**WORK REQUEST:**
Only those lines running from the line that contains "(leb T) (\<lambda>y." through the end of the material are to be written out, each exactly as shown.

**GIVEN DATA:**
lemma integral_leb_merge_vec:
  fixes F :: "(nat \<Rightarrow> real) \<Rightarrow> real"
  assumes "n1 \<le> n" "integrable (leb {..<n}) F"
  shows "(\<integral>x. F x \<partial>leb {..<n}) = (\<integral>z. (\<integral>y. F (merge_vec n1 z y) \<partial>leb {n1..<n}) \<partial>leb {..<n1})"
proof -
  have un: "{..<n1} \<union> {n1..<n} = {..<n}" and dj: "{..<n1} \<inter> {n1..<n} = {}"
    using assms(1) by auto
  have "(\<integral>x. F x \<partial>leb {..<n}) =
      (\<integral>z. (\<integral>y. F (merge {..<n1} {n1..<n} (z, y)) \<partial>leb {n1..<n}) \<partial>leb {..<n1})"
    using lborel_prod.product_integral_fold[OF dj, of F] assms(2) by (simp add: un)
  also have "\<dots> = (\<integral>z. (\<integral>y. F (merge_vec n1 z y) \<partial>leb {n1..<n}) \<partial>leb {..<n1})"
  proof (intro Bochner_Integration.integral_cong refl)
    fix z y assume "y \<in> space (leb {n1..<n})"
    then have "merge {..<n1} {n1..<n} (z, y) = merge_vec n1 z y"
      by (auto simp: merge_def merge_vec_def space_PiM PiE_def extensional_def)
    then show "F (merge {..<n1} {n1..<n} (z, y)) = F (merge_vec n1 z y)" by simp
  qed
  finally show ?thesis .
qed

lemma abs_le_exp_plus_exp_minus: "\<bar>t::real\<bar> \<le> exp t + exp (- t)"
proof -
  have "\<bar>t\<bar> \<le> exp \<bar>t\<bar>" using exp_ge_add_one_self[of "\<bar>t\<bar>"] by linarith
  also have "\<dots> \<le> exp t + exp (- t)" by (cases "t \<ge> 0") auto
  finally show ?thesis .
qed

lemma abs_mult_le_sum_exp:
  "\<bar>s * t :: real\<bar> \<le> exp (2 * s) + exp (- 2 * s) + exp (2 * t) + exp (- 2 * t)"
proof -
  have square: "r\<^sup>2 \<le> exp (2 * r) + exp (- 2 * r)" for r :: real
  proof -
    have "r\<^sup>2 = \<bar>r\<bar>\<^sup>2" by simp
    also have "\<dots> \<le> (exp \<bar>r\<bar>)\<^sup>2"
      using exp_ge_add_one_self[of "\<bar>r\<bar>"] by (intro power_mono) linarith+
    also have "\<dots> = exp (2 * \<bar>r\<bar>)" by (simp flip: exp_of_nat_mult)
    also have "\<dots> \<le> exp (2 * r) + exp (- 2 * r)" by (cases "r \<ge> 0") auto
    finally show ?thesis .
  qed
  have "2 * (\<bar>s\<bar> * \<bar>t\<bar>) \<le> s\<^sup>2 + t\<^sup>2"
    using sum_squares_bound[of "\<bar>s\<bar>" "\<bar>t\<bar>"] by (simp add: mult.assoc)
  moreover have "0 \<le> \<bar>s\<bar> * \<bar>t\<bar>" by simp
  ultimately have "\<bar>s * t\<bar> \<le> s\<^sup>2 + t\<^sup>2" unfolding abs_mult by linarith
  then show ?thesis using square[of s] square[of t] by linarith
qed

locale gaussian_density =
  fixes n :: nat and f :: "(nat \<Rightarrow> real) \<Rightarrow> real"
    and A :: "nat \<Rightarrow> nat \<Rightarrow> real" and b :: "nat \<Rightarrow> real" and c :: real
  assumes neg_definite: "neg_definite_on {..<n} A"
    and f_eq: "f = (\<lambda>x. exp (quad_poly {..<n} A b c x))"
    and integral_f: "(\<integral>x. f x \<partial>leb {..<n}) = 1"
begin

lemma f_pos: "f x > 0"
  by (simp add: f_eq)

lemma f_cong:
  assumes "\<And>j. j < n \<Longrightarrow> x j = y j"
  shows "f x = f y"
  using quad_poly_cong[of "{..<n}" x y A b c] assms by (simp add: f_eq)

lemma borel_measurable_f_comp:
  assumes "\<And>j. j < n \<Longrightarrow> (\<lambda>y. h y j) \<in> borel_measurable M"
  shows "(\<lambda>y. f (h y)) \<in> borel_measurable M"
  unfolding f_eq using assms
  by (intro measurable_compose[OF _ borel_measurable_exp] borel_measurable_quad_poly) auto

lemma borel_measurable_f: "f \<in> borel_measurable (leb {..<n})"
  using borel_measurable_f_comp[of "\<lambda>y. y"] borel_measurable_component_leb by auto

lemma borel_measurable_section:
  "S \<subseteq> {..<n} \<Longrightarrow> (\<lambda>y. f (override_on y x S)) \<in> borel_measurable (leb ({..<n} - S))"
  by (intro borel_measurable_f_comp borel_measurable_override_on_leb) auto

lemma has_bochner_integral_section:
  assumes "S \<subseteq> {..<n}"
  shows "\<exists>A' b' c'. \<forall>x. has_bochner_integral (leb ({..<n} - S))
    (\<lambda>y. f (override_on y x S)) (exp (quad_poly S A' b' c' x))"
proof -
  define T where "T = {..<n} - S"
  have T: "T \<subseteq> {..<n}" "{..<n} - T = S" using assms by (auto simp: T_def)
  obtain A' b' c' where int: "\<And>x. (\<integral>\<^sup>+y. ennreal (exp (quad_poly {..<n} A b c (override_on x y T))) \<partial>leb T) =
      ennreal (exp (quad_poly S A' b' c' x))"
    using nn_integral_exp_quad_poly_override_on[OF _ T(1) neg_definite, of b c] T(2) by auto
  have "f (override_on y x S) = exp (quad_poly {..<n} A b c (override_on x y T))" for x y
    unfolding f_eq by (intro arg_cong[where f=exp] quad_poly_cong) (auto simp: T_def override_on_def)
  then have "has_bochner_integral (leb T) (\<lambda>y. f (override_on y x S)) (exp (quad_poly S A' b' c' x))" for x
    using int[of x] borel_measurable_section[OF assms, of x] f_pos
    by (intro has_bochner_integral_nn_integral) (auto simp: T_def less_imp_le)
  then show ?thesis unfolding T_def by blast
qed

lemma integrable_section:
  "S \<subseteq> {..<n} \<Longrightarrow> integrable (leb ({..<n} - S)) (\<lambda>y. f (override_on y x S))"
  using has_bochner_integral_section by (meson integrable.intros)

lemma nn_integral_section:
  "S \<subseteq> {..<n} \<Longrightarrow> (\<integral>\<^sup>+y. ennreal (f (override_on y x S)) \<partial>leb ({..<n} - S)) = ennreal (marg n f S x)"
  using nn_integral_eq_integral[OF integrable_section] f_pos by (simp add: marg_override_on less_imp_le)

lemma marg_exp_quad_poly:
  assumes "S \<subseteq> {..<n}"
  shows "\<exists>A' b' c'. marg n f S = (\<lambda>x. exp (quad_poly S A' b' c' x))"
proof -
  obtain A' b' c' where "\<And>x. has_bochner_integral (leb ({..<n} - S))
      (\<lambda>y. f (override_on y x S)) (exp (quad_poly S A' b' c' x))"
    using has_bochner_integral_section[OF assms] by blast
  then have "marg n f S = (\<lambda>x. exp (quad_poly S A' b' c' x))"
    by (intro ext) (simp add: marg_override_on has_bochner_integral_integral_eq)
  then show ?thesis by blast
qed

lemma marg_pos:
  assumes "S \<subseteq> {..<n}"
  shows "marg n f S x > 0"
proof -
  obtain A' b' c' where "marg n f S = (\<lambda>x. exp (quad_poly S A' b' c' x))"
    using marg_exp_quad_poly[OF assms] by blast
  then show ?thesis by simp
qed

**RESPONSE AREA:**
  then have "has_bochner_integral (leb T) (\<lambda>y. f (override_on y x S)) (exp (quad_poly S A' b' c' x))" for x
    using int[of x] borel_measurable_section[OF assms, of x] f_pos
    by (intro has_bochner_integral_nn_integral) (auto simp: T_def less_imp_le)
  then show ?thesis unfolding T_def by blast
qed

lemma integrable_section:
  "S \<subseteq> {..<n} \<Longrightarrow> integrable (leb ({..<n} - S)) (\<lambda>y. f (override_on y x S))"
  using has_bochner_integral_section by (meson integrable.intros)

lemma nn_integral_section:
  "S \<subseteq> {..<n} \<Longrightarrow> (\<integral>\<^sup>+y. ennreal (f (override_on y x S)) \<partial>leb ({..<n} - S)) = ennreal (marg n f S x)"
  using nn_integral_eq_integral[OF integrable_section] f_pos by (simp add: marg_override_on less_imp_le)

lemma marg_exp_quad_poly:
  assumes "S \<subseteq> {..<n}"
  shows "\<exists>A' b' c'. marg n f S = (\<lambda>x. exp (quad_poly S A' b' c' x))"
proof -
  obtain A' b' c' where "\<And>x. has_bochner_integral (leb ({..<n} - S))
      (\<lambda>y. f (override_on y x S)) (exp (quad_poly S A' b' c' x))"
    using has_bochner_integral_section[OF assms] by blast
  then have "marg n f S = (\<lambda>x. exp (quad_poly S A' b' c' x))"
    by (intro ext) (simp add: marg_override_on has_bochner_integral_integral_eq)
  then show ?thesis by blast
qed

lemma marg_pos:
  assumes "S \<subseteq> {..<n}"
  shows "marg n f S x > 0"
proof -
  obtain A' b' c' where "marg n f S = (\<lambda>x. exp (quad_poly S A' b' c' x))"
    using marg_exp_quad_poly[OF assms] by blast
  then show ?thesis by simp
qed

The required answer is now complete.